⟨

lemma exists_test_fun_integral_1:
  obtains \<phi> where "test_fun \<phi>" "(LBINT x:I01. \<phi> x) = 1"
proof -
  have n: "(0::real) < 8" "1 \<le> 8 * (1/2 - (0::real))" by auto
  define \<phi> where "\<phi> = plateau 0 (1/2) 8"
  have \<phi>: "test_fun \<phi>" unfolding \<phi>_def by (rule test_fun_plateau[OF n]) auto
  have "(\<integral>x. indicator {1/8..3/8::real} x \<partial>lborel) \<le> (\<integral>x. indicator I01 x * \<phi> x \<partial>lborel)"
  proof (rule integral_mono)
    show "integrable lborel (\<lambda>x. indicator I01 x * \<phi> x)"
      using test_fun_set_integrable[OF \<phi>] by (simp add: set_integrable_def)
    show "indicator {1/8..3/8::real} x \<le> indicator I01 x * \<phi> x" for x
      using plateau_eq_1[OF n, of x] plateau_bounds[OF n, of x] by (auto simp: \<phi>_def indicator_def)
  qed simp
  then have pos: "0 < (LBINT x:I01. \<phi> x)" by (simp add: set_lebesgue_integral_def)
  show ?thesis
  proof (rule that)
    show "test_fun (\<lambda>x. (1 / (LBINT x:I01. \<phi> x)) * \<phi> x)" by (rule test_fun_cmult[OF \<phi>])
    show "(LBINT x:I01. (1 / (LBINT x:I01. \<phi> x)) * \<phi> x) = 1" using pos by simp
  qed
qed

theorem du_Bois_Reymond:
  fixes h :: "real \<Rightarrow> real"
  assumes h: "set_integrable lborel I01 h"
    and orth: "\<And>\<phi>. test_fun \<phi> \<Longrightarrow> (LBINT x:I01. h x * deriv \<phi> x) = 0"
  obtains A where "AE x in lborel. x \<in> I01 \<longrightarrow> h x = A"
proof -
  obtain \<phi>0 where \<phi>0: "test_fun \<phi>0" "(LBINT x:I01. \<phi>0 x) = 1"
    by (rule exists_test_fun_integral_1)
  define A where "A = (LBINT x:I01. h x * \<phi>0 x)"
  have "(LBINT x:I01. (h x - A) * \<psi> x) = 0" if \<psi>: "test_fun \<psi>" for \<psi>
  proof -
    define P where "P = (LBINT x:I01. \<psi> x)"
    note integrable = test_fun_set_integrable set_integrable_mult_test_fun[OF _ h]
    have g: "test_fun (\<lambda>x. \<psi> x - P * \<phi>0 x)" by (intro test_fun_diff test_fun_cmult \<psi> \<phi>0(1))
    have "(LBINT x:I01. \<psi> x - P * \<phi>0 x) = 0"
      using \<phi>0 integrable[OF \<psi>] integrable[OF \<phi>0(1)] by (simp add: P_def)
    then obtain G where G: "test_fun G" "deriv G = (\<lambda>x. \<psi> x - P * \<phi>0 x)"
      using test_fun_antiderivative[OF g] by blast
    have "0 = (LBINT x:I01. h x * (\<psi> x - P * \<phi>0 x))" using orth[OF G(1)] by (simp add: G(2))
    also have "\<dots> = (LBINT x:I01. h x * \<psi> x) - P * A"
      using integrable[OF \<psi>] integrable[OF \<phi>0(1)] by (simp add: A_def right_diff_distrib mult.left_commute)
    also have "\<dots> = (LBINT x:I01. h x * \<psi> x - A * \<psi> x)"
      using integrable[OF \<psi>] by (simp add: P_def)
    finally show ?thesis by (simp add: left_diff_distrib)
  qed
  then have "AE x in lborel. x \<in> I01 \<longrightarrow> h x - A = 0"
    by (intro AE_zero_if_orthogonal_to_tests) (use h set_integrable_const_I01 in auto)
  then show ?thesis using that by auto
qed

⟩
⟨

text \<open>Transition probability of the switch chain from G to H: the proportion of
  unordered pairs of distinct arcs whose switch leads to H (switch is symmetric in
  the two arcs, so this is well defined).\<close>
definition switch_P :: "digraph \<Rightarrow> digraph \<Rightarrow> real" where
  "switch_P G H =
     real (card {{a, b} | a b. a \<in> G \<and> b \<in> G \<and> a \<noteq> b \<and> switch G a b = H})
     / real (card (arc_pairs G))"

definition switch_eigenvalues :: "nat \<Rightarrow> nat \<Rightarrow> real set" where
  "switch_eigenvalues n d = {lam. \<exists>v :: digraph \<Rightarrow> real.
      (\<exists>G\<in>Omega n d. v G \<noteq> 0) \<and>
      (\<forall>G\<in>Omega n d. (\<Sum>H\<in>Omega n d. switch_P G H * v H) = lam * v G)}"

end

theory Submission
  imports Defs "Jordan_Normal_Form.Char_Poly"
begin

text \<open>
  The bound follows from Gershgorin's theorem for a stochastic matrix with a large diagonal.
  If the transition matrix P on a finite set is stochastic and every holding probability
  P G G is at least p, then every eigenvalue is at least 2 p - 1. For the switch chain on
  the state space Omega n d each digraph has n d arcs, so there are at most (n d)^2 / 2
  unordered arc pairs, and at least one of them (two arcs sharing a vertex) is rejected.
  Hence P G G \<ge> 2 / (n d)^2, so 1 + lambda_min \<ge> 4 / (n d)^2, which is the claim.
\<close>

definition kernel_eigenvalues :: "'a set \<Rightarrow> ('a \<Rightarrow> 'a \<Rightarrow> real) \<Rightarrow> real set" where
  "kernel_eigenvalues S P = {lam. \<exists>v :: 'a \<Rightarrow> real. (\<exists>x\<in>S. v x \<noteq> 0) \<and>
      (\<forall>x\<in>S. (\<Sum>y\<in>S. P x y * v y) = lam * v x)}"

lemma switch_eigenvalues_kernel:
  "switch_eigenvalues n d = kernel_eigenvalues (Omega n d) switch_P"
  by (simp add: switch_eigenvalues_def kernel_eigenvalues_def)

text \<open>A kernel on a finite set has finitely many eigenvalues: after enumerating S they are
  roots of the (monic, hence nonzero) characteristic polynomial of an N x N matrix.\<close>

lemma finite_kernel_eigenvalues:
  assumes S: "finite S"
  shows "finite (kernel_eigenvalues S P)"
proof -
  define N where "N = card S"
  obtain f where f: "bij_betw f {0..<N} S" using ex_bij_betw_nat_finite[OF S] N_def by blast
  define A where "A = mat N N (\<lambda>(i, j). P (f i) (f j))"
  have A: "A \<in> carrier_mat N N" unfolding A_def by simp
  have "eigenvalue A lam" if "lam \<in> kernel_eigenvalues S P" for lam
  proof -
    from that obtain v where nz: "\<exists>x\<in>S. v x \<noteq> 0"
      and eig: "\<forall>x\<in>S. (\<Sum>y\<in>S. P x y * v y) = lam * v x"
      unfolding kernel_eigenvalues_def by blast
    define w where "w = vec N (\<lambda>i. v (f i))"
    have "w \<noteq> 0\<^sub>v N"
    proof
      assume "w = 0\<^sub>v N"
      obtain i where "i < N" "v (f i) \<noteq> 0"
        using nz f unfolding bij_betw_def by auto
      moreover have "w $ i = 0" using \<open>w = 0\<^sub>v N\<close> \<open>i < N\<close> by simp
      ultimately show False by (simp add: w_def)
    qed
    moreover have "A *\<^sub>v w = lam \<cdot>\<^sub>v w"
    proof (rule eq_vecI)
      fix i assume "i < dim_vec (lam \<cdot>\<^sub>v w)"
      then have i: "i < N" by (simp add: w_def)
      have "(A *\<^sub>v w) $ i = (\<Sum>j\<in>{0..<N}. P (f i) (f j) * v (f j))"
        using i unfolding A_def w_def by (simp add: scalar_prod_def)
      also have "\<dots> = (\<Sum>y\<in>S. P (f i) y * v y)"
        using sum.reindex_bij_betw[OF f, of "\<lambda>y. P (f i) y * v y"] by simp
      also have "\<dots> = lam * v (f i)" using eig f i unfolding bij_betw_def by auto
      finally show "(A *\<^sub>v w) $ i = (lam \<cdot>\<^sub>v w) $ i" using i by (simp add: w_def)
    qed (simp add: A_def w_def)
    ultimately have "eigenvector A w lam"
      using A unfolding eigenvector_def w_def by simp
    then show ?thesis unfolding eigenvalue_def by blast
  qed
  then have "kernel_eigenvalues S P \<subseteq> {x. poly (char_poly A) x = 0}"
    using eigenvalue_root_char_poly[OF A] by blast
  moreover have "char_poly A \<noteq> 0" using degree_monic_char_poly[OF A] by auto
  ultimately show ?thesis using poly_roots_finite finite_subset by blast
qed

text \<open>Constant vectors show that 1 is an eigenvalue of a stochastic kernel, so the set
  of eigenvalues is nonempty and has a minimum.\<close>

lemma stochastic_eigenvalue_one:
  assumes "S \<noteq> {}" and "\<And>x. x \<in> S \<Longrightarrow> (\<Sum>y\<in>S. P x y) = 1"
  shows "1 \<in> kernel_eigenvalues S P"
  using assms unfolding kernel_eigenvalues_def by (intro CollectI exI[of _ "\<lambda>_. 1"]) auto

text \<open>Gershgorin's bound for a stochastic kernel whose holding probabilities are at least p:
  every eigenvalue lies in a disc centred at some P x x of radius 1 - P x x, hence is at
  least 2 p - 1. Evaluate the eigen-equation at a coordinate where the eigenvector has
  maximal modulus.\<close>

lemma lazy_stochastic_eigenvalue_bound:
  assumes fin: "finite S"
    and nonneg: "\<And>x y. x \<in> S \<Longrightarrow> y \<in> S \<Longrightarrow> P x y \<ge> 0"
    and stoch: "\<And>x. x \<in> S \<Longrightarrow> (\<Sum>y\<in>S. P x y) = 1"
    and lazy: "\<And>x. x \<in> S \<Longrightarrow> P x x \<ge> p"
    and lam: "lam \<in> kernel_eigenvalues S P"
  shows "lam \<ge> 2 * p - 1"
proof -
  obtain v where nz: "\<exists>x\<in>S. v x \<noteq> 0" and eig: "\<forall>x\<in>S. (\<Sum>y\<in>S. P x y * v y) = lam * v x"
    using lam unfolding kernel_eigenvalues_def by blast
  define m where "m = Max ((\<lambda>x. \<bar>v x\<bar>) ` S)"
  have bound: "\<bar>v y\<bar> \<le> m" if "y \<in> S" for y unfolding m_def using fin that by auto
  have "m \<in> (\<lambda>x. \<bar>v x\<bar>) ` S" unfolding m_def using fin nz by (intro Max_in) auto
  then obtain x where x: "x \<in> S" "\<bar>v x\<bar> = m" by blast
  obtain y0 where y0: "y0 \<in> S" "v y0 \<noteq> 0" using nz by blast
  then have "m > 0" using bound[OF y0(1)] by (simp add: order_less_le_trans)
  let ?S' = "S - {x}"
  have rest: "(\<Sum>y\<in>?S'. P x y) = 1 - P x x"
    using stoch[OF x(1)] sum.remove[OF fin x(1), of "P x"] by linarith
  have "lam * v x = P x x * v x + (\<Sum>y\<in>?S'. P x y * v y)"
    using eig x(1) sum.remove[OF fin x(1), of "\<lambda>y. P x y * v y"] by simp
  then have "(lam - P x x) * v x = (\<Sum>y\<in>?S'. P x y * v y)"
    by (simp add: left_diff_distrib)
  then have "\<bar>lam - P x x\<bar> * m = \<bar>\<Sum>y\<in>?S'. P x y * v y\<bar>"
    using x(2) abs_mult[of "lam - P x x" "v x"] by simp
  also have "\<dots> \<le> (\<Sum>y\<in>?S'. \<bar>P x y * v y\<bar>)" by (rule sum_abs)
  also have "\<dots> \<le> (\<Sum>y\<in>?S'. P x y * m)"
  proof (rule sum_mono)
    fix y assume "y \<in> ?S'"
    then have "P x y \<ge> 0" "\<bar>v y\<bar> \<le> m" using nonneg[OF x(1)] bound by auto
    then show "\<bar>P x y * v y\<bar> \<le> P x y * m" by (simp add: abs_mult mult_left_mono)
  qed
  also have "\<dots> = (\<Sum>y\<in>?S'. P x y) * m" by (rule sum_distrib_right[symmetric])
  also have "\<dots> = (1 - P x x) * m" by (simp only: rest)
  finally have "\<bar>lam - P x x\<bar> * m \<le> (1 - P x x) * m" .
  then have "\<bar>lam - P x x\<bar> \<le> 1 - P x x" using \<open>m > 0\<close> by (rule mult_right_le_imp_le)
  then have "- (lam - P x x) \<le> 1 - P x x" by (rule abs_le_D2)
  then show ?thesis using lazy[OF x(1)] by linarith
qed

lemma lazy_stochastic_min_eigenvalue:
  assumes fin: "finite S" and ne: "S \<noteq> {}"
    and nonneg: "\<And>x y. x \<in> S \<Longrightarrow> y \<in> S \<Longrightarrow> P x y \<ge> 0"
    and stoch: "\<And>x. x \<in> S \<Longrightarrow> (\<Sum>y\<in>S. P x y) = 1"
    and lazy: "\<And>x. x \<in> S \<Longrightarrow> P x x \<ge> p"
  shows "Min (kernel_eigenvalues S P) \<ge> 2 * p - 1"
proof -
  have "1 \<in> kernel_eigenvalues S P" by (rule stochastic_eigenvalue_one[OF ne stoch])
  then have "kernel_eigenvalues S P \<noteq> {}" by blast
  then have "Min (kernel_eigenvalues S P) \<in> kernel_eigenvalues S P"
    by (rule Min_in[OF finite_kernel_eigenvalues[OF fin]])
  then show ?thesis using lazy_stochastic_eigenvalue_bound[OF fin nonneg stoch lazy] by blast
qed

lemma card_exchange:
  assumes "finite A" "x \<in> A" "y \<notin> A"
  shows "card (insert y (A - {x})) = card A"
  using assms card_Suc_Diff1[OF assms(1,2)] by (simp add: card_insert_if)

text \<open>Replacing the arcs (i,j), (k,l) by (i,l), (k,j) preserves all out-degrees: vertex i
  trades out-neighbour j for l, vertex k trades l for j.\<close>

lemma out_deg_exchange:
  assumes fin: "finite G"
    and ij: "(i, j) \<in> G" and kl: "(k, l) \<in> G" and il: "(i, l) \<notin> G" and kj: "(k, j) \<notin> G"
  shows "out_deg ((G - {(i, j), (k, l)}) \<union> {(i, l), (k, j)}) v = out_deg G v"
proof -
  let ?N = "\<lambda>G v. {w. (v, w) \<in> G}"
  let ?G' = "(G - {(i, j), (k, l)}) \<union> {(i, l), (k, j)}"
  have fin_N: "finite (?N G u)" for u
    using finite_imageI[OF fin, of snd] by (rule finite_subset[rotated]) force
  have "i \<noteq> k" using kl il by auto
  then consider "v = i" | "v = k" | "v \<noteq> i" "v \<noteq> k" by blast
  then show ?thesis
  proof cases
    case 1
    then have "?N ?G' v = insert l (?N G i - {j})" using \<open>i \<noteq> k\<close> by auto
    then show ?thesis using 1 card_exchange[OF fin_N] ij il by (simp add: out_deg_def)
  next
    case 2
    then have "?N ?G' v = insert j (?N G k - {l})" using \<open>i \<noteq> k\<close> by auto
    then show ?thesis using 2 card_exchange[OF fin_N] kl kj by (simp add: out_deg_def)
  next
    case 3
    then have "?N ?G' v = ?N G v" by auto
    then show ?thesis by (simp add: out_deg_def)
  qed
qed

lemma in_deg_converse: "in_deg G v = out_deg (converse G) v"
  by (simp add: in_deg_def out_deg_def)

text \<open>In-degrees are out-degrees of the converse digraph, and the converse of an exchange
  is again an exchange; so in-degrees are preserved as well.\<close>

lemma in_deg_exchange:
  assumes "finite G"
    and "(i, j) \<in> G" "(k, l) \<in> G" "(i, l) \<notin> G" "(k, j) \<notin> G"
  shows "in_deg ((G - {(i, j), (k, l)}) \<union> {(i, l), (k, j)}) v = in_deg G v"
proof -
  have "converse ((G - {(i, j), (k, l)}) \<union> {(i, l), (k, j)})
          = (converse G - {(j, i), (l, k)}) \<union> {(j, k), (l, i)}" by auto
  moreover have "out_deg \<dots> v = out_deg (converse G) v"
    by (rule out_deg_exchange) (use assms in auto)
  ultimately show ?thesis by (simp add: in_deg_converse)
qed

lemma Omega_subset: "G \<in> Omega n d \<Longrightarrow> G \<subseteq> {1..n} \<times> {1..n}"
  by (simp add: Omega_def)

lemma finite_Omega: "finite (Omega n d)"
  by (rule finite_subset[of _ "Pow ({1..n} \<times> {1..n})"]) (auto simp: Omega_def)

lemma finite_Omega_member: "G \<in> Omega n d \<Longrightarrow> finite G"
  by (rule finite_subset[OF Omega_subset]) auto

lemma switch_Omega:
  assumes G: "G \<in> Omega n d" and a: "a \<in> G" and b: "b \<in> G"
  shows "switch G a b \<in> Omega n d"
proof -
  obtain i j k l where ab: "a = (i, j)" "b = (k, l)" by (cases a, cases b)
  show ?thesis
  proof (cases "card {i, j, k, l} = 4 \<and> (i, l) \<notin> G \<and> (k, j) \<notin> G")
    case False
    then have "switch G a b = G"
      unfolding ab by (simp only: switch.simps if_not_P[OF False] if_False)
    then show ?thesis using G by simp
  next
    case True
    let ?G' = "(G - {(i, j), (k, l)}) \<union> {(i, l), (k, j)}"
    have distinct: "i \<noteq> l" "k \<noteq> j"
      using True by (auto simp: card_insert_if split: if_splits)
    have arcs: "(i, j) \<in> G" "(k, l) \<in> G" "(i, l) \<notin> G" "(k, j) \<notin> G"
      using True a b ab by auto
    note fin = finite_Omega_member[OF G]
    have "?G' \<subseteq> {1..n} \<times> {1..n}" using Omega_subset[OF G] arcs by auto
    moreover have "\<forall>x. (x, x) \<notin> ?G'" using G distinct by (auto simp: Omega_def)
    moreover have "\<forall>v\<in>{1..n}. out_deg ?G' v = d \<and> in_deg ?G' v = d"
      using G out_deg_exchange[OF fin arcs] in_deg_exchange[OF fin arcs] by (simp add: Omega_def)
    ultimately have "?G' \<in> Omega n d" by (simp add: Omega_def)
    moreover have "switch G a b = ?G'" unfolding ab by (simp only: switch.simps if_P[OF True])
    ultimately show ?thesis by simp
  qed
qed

⟩

Brief: In the listing above, transcribe exactly everything from the line containing "by (rule finite_subset[OF Omega_subset])" down to the line containing "then show ?thesis using G by simp", including both and nothing more.

Answer space:
  by (rule finite_subset[OF Omega_subset]) auto

lemma switch_Omega:
  assumes G: "G \<in> Omega n d" and a: "a \<in> G" and b: "b \<in> G"
  shows "switch G a b \<in> Omega n d"
proof -
  obtain i j k l where ab: "a = (i, j)" "b = (k, l)" by (cases a, cases b)
  show ?thesis
  proof (cases "card {i, j, k, l} = 4 \<and> (i, l) \<notin> G \<and> (k, j) \<notin> G")
    case False
    then have "switch G a b = G"
      unfolding ab by (simp only: switch.simps if_not_P[OF False] if_False)
    then show ?thesis using G by simp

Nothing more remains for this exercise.